● **Collected data entries**:
(* Let $q$ be a prime power, $n\ge1$, $P=\sum_{s=0}^m a_s\theta^s\in\mathbb F_q[\theta]$ nonzero, where $m\ge\deg P$ is an integer with $(q-1)\mid(m+n)$, and put $\iota(P)=\sum_{i=0}^m a_{m-i}\theta^i$ and $k=\frac{m+n}{q-1}-1$, assumed $\ge1$. For a polynomial $R=\sum_s b_s\theta^s$ let $\mathfrak M(R,T,n,k)\in M_{k\times k}(\mathbb F_q[T])$ have entries $\mathfrak M(R,T,n,k)_{i,j}=\sum_{l=0}^nT^{n-l}(-1)^l\binom nl b_{iq-j-l}$ ($1\le i,j\le k$, $b_s=0$ for $s<0$ or $s>m$). Let $W_3=\sum_{i=1}^k\varepsilon_{i,k+1-i}$ be the $k\times k$ matrix with ones on the antidiagonal and zeros elsewhere. Then $$W_3\,\mathfrak M(P,T,n,k)\,W_3^{-1}=(-T)^n\,\mathfrak M(\iota(P),T^{-1},n,k).$$
   Context: $\varepsilon_{ij}$ denotes the elementary matrix with $1$ in position $(i,j)$ and $0$ elsewhere. $\mathfrak M(\iota(P),T^{-1},n,k)$ means $\mathfrak M(\iota(P),T,n,k)$ with $T$ replaced by $T^{-1}$. Binomial coefficients are read in $\mathbb F_q$. *)

theory Defs
  imports "HOL-Computational_Algebra.Polynomial" "HOL-Computational_Algebra.Fraction_Field" "HOL-Computational_Algebra.Polynomial_Factorial"
    "Jordan_Normal_Form.Gauss_Jordan_Elimination"
begin

definition bcoef :: "nat \<Rightarrow> 'a::zero poly \<Rightarrow> int \<Rightarrow> 'a" where
  "bcoef m R s = (if s < 0 \<or> s > int m then 0 else coeff R (nat s))"

definition iota :: "nat \<Rightarrow> 'a::comm_ring_1 poly \<Rightarrow> 'a poly" where
  "iota m P = (\<Sum>i\<le>m. monom (coeff P (m - i)) i)"

definition Tvar :: "'a::field poly fract" where
  "Tvar = to_fract [:0, 1:]"

text \<open>The k x k matrix frak M(R, t, n, k) with 1-based indices i,j shifted to 0-based;
  q = card (UNIV :: 'a set). Entries live in F_q(T) so that t may be T or T^{-1}.\<close>
definition frakM :: "nat \<Rightarrow> 'a::{field,finite} poly \<Rightarrow> 'a poly fract \<Rightarrow> nat \<Rightarrow> nat \<Rightarrow> 'a poly fract mat" where
  "frakM m R t n k = mat k k (\<lambda>(i, j).
     \<Sum>l\<le>n. t ^ (n - l) * (-1) ^ l * to_fract [: of_nat (n choose l) :]
        * to_fract [: bcoef m R (int ((i + 1) * card (UNIV :: 'a set)) - int (j + 1) - int l) :])"

definition W3 :: "nat \<Rightarrow> 'a::field poly fract mat" where
  "W3 k = mat k k (\<lambda>(i, j). if i + j = k - 1 then 1 else 0)"

end

theory Submission
  imports Defs
begin

text \<open>Conjugating by the antidiagonal involution W3 reverses both indices,
  (i, j) \<mapsto> (k+1-i, k+1-j). Under the identity (k+1)(q-1) = m+n the reversed index
  (k+1-i)q - (k+1-j) - l of the coefficient of P equals m - (iq - j - (n-l)),
  i.e. the index of the corresponding coefficient of \<iota>(P) after l \<mapsto> n-l.
  The substitution l \<mapsto> n-l leaves the binomial coefficient unchanged and turns
  T^{n-l} (-1)^l into (-T)^n T^{-l} (-1)^{n-l}.\<close>

lemma W3_carrier_mat: "W3 k \<in> carrier_mat k k"
  by (simp add: W3_def)

lemma dim_W3 [simp]: "dim_row (W3 k) = k" "dim_col (W3 k) = k"
  by (simp_all add: W3_def)

lemma W3_mult_index:
  assumes A: "A \<in> carrier_mat k n" and i: "i < k" and j: "j < n"
  shows "(W3 k * A) $$ (i, j) = A $$ (k - 1 - i, j)"
proof -
  have "(W3 k * A) $$ (i, j) = (\<Sum>l<k. (if i + l = k - 1 then 1 else 0) * A $$ (l, j))"
    using A i j by (simp add: W3_def scalar_prod_def atLeast0LessThan)
  also have "\<dots> = (\<Sum>l\<in>{k - 1 - i}. A $$ (l, j))"
    using i by (intro sum.mono_neutral_cong_right) auto
  finally show ?thesis by simp
qed

lemma mult_W3_index:
  assumes A: "A \<in> carrier_mat n k" and i: "i < n" and j: "j < k"
  shows "(A * W3 k) $$ (i, j) = A $$ (i, k - 1 - j)"
proof -
  have "(A * W3 k) $$ (i, j) = (\<Sum>l<k. A $$ (i, l) * (if l + j = k - 1 then 1 else 0))"
    using A i j by (simp add: W3_def scalar_prod_def atLeast0LessThan)
  also have "\<dots> = (\<Sum>l\<in>{k - 1 - j}. A $$ (i, l))"
    using j by (intro sum.mono_neutral_cong_right) auto
  finally show ?thesis by simp
qed

lemma W3_conjugate_index:
  assumes A: "A \<in> carrier_mat k k" and i: "i < k" and j: "j < k"
  shows "(W3 k * A * W3 k) $$ (i, j) = A $$ (k - 1 - i, k - 1 - j)"
proof -
  have "W3 k * A \<in> carrier_mat k k"
    using A W3_carrier_mat by (metis mult_carrier_mat)
  then have "(W3 k * A * W3 k) $$ (i, j) = (W3 k * A) $$ (i, k - 1 - j)"
    using i j by (rule mult_W3_index)
  also have "\<dots> = A $$ (k - 1 - i, k - 1 - j)"
    using A i j by (intro W3_mult_index) auto
  finally show ?thesis .
qed

lemma W3_involution: "W3 k * W3 k = (1\<^sub>m k :: 'a::field poly fract mat)"
proof (rule eq_matI)
  fix i j
  assume "i < dim_row (1\<^sub>m k :: 'a poly fract mat)" "j < dim_col (1\<^sub>m k :: 'a poly fract mat)"
  then show "(W3 k * W3 k) $$ (i, j) = (1\<^sub>m k :: 'a poly fract mat) $$ (i, j)"
    by (subst W3_mult_index[OF W3_carrier_mat]) (auto simp: W3_def)
qed (auto simp: W3_def)

lemma mat_inverse_W3: "mat_inverse (W3 k :: 'a::field poly fract mat) = Some (W3 k)"
proof (cases "mat_inverse (W3 k :: 'a poly fract mat)")
  case None
  from mat_inverse(1)[OF W3_carrier_mat None, of undefined] show ?thesis
    using W3_involution[where 'a='a] W3_carrier_mat[of k]
    by (auto simp: Units_def ring_mat_def)
next
  case (Some B)
  from mat_inverse(2)[OF W3_carrier_mat Some]
  have B: "W3 k * B = 1\<^sub>m k" "B \<in> carrier_mat k k" by auto
  have "B = (W3 k * W3 k) * B" using B by (simp add: W3_involution)
  also have "\<dots> = W3 k * (W3 k * B)" using B W3_carrier_mat by (metis assoc_mult_mat)
  also have "\<dots> = W3 k" using B W3_carrier_mat right_mult_one_mat by metis
  finally show ?thesis using Some by simp
qed

lemma coeff_iota: "coeff (iota m P) s = (if s \<le> m then coeff P (m - s) else 0)"
  by (simp add: iota_def coeff_sum coeff_monom)

lemma bcoef_iota: "bcoef m (iota m P) s = bcoef m P (int m - s)"
  by (auto simp: bcoef_def coeff_iota nat_diff_distrib)

lemma Tvar_nonzero: "(Tvar :: 'a::field poly fract) \<noteq> 0"
  by (simp add: Tvar_def)

lemma two_le_card_field: "2 \<le> card (UNIV :: 'a::{field,finite} set)"
proof -
  have "card {0::'a, 1} \<le> card (UNIV :: 'a set)"
    by (intro card_mono) auto
  then show ?thesis by simp
qed

lemma quotient_by_card_minus_one:
  assumes "(card (UNIV :: 'a::{field,finite} set) - 1) dvd N"
    and "k = N div (card (UNIV :: 'a set) - 1) - 1" and "1 \<le> k"
  shows "int (k + 1) * (int (card (UNIV :: 'a set)) - 1) = int N"
proof -
  have "(k + 1) * (card (UNIV :: 'a set) - 1) = N"
    using assms by simp
  with two_le_card_field[where 'a='a] show ?thesis
    by (metis of_nat_1 of_nat_diff of_nat_mult one_le_numeral order_trans)
qed

lemma frakM_carrier_mat: "frakM m R t n k \<in> carrier_mat k k"
  by (simp add: frakM_def)

lemma dim_frakM [simp]:
  "dim_row (frakM m R t n k) = k" "dim_col (frakM m R t n k) = k"
  by (simp_all add: frakM_def)

lemma frakM_index:
  fixes R :: "'a::{field,finite} poly"
  assumes "i < k" "j < k"
  shows "frakM m R t n k $$ (i, j) =
    (\<Sum>l\<le>n. t ^ (n - l) * (-1) ^ l * to_fract [: of_nat (n choose l) :]
       * to_fract [: bcoef m R (int ((i + 1) * card (UNIV :: 'a set)) - int (j + 1) - int l) :])"
  using assms by (simp add: frakM_def)

lemma neg_power_inverse_power:
  fixes t :: "'a::field"
  assumes "t \<noteq> 0" "l \<le> n"
  shows "(- t) ^ n * inverse t ^ l * (-1) ^ (n - l) = t ^ (n - l) * (-1) ^ l"
proof -
  have n: "n = (n - l) + l" using assms(2) by simp
  have "(- t) ^ n * (-1) ^ (n - l) = (t ^ (n - l) * t ^ l) * (((-1) ^ (n - l) * (-1) ^ (n - l)) * (-1) ^ l)"
    by (subst n, subst power_minus, subst (1 2) power_add) (simp add: mult_ac)
  also have "(-1::'a) ^ (n - l) * (-1) ^ (n - l) = 1"
    by (simp flip: power_add mult_2 power_mult)
  finally show ?thesis
    using assms(1) by (simp add: power_inverse mult_ac)
qed

lemma sum_reflect_binomial_inverse:
  fixes t :: "'a::field"
  assumes "t \<noteq> 0" and c: "\<And>l. l \<le> n \<Longrightarrow> c (n - l) = c l"
  shows "(- t) ^ n * (\<Sum>l\<le>n. inverse t ^ (n - l) * (-1) ^ l * c l * g l)
       = (\<Sum>l\<le>n. t ^ (n - l) * (-1) ^ l * c l * g (n - l))"
proof -
  have "(\<Sum>l\<le>n. inverse t ^ (n - l) * (-1) ^ l * c l * g l)
      = (\<Sum>l\<le>n. inverse t ^ l * (-1) ^ (n - l) * c (n - l) * g (n - l))"
    by (rule sum.reindex_bij_witness[of _ "\<lambda>l. n - l" "\<lambda>l. n - l"]) auto
  also have "\<dots> = (\<Sum>l\<le>n. inverse t ^ l * (-1) ^ (n - l) * c l * g (n - l))"
    using c by (intro sum.cong) auto
  finally have "(- t) ^ n * (\<Sum>l\<le>n. inverse t ^ (n - l) * (-1) ^ l * c l * g l)
      = (\<Sum>l\<le>n. ((- t) ^ n * inverse t ^ l * (-1) ^ (n - l)) * c l * g (n - l))"
    by (simp add: sum_distrib_left mult_ac)
  also have "\<dots> = (\<Sum>l\<le>n. t ^ (n - l) * (-1) ^ l * c l * g (n - l))"
    using neg_power_inverse_power[OF assms(1)] by (intro sum.cong) auto
  finally show ?thesis .
qed

lemma frakM_index_reversed:
  fixes R :: "'a::{field,finite} poly"
  assumes kq: "int (k + 1) * (int (card (UNIV :: 'a set)) - 1) = int (m + n)"
    and ij: "i < k" "j < k"
  shows "frakM m R t n k $$ (k - 1 - i, k - 1 - j) =
    (\<Sum>l\<le>n. t ^ (n - l) * (-1) ^ l * to_fract [: of_nat (n choose l) :]
       * to_fract [: bcoef m R (int m - (int ((i + 1) * card (UNIV :: 'a set)) - int (j + 1) - int (n - l))) :])"
proof -
  have index: "int ((k - 1 - i + 1) * card (UNIV :: 'a set)) - int (k - 1 - j + 1) - int l
      = int m - (int ((i + 1) * card (UNIV :: 'a set)) - int (j + 1) - int (n - l))" if "l \<le> n" for l
  proof -
    have "k - 1 - i + 1 = k - i" "k - 1 - j + 1 = k - j"
      using ij by auto
    with ij that kq show ?thesis
      by (simp add: of_nat_diff algebra_simps)
  qed
  have "k - 1 - i < k" "k - 1 - j < k"
    using ij by auto
  then show ?thesis
    unfolding frakM_index[OF \<open>k - 1 - i < k\<close> \<open>k - 1 - j < k\<close>]
    by (intro sum.cong refl, subst index) auto
qed

lemma smult_frakM_iota_index:
  fixes R :: "'a::{field,finite} poly"
  assumes "t \<noteq> 0" "i < k" "j < k"
  shows "((- t) ^ n \<cdot>\<^sub>m frakM m (iota m R) (inverse t) n k) $$ (i, j) =
    (\<Sum>l\<le>n. t ^ (n - l) * (-1) ^ l * to_fract [: of_nat (n choose l) :]
       * to_fract [: bcoef m R (int m - (int ((i + 1) * card (UNIV :: 'a set)) - int (j + 1) - int (n - l))) :])"
  using assms
  by (simp add: frakM_index bcoef_iota sum_reflect_binomial_inverse flip: binomial_symmetric)

theorem proposition5p3:
  fixes P :: "'a::{field,finite} poly" and m n k :: nat
  assumes "n \<ge> 1"
    and "P \<noteq> 0"
    and "degree P \<le> m"
    and "(card (UNIV :: 'a set) - 1) dvd (m + n)"
    and "k = (m + n) div (card (UNIV :: 'a set) - 1) - 1"
    and "k \<ge> 1"
  shows "W3 k * frakM m P Tvar n k * the (mat_inverse (W3 k))
         = ((- Tvar) ^ n) \<cdot>\<^sub>m frakM m (iota m P) (inverse Tvar) n k"
proof (rule eq_matI)
  have kq: "int (k + 1) * (int (card (UNIV :: 'a set)) - 1) = int (m + n)"
    using assms(4-6) by (rule quotient_by_card_minus_one)
  fix i j
  assume "i < dim_row ((- Tvar) ^ n \<cdot>\<^sub>m frakM m (iota m P) (inverse Tvar) n k)"
    and "j < dim_col ((- Tvar) ^ n \<cdot>\<^sub>m frakM m (iota m P) (inverse Tvar) n k)"
  then have ij: "i < k" "j < k" by simp_all
  have "(W3 k * frakM m P Tvar n k * the (mat_inverse (W3 k))) $$ (i, j)
      = frakM m P Tvar n k $$ (k - 1 - i, k - 1 - j)"
    using W3_conjugate_index[OF frakM_carrier_mat ij] by (simp add: mat_inverse_W3)
  also have "\<dots> = ((- Tvar) ^ n \<cdot>\<^sub>m frakM m (iota m P) (inverse Tvar) n k) $$ (i, j)"
    unfolding frakM_index_reversed[OF kq ij] smult_frakM_iota_index[OF Tvar_nonzero ij] ..
  finally show "(W3 k * frakM m P Tvar n k * the (mat_inverse (W3 k))) $$ (i, j)
      = ((- Tvar) ^ n \<cdot>\<^sub>m frakM m (iota m P) (inverse Tvar) n k) $$ (i, j)" .
qed (simp_all add: mat_inverse_W3)

end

● **WHAT YOU HAVE TO DO**: Return, unchanged, the run of lines above that opens with the line containing "from mat_inverse(2)[OF W3_carrier_mat Some]" and closes with the line containing "t n k $$ (i, j)". Include both.

● **WRITTEN RESPONSE**:
  from mat_inverse(2)[OF W3_carrier_mat Some]
  have B: "W3 k * B = 1\<^sub>m k" "B \<in> carrier_mat k k" by auto
  have "B = (W3 k * W3 k) * B" using B by (simp add: W3_involution)
  also have "\<dots> = W3 k * (W3 k * B)" using B W3_carrier_mat by (metis assoc_mult_mat)
  also have "\<dots> = W3 k" using B W3_carrier_mat right_mult_one_mat by metis
  finally show ?thesis using Some by simp
qed

lemma coeff_iota: "coeff (iota m P) s = (if s \<le> m then coeff P (m - s) else 0)"
  by (simp add: iota_def coeff_sum coeff_monom)

lemma bcoef_iota: "bcoef m (iota m P) s = bcoef m P (int m - s)"
  by (auto simp: bcoef_def coeff_iota nat_diff_distrib)

lemma Tvar_nonzero: "(Tvar :: 'a::field poly fract) \<noteq> 0"
  by (simp add: Tvar_def)

lemma two_le_card_field: "2 \<le> card (UNIV :: 'a::{field,finite} set)"
proof -
  have "card {0::'a, 1} \<le> card (UNIV :: 'a set)"
    by (intro card_mono) auto
  then show ?thesis by simp
qed

lemma quotient_by_card_minus_one:
  assumes "(card (UNIV :: 'a::{field,finite} set) - 1) dvd N"
    and "k = N div (card (UNIV :: 'a set) - 1) - 1" and "1 \<le> k"
  shows "int (k + 1) * (int (card (UNIV :: 'a set)) - 1) = int N"
proof -
  have "(k + 1) * (card (UNIV :: 'a set) - 1) = N"
    using assms by simp
  with two_le_card_field[where 'a='a] show ?thesis
    by (metis of_nat_1 of_nat_diff of_nat_mult one_le_numeral order_trans)
qed

lemma frakM_carrier_mat: "frakM m R t n k \<in> carrier_mat k k"
  by (simp add: frakM_def)

lemma dim_frakM [simp]:
  "dim_row (frakM m R t n k) = k" "dim_col (frakM m R t n k) = k"
  by (simp_all add: frakM_def)

lemma frakM_index:
  fixes R :: "'a::{field,finite} poly"
  assumes "i < k" "j < k"
  shows "frakM m R t n k $$ (i, j) =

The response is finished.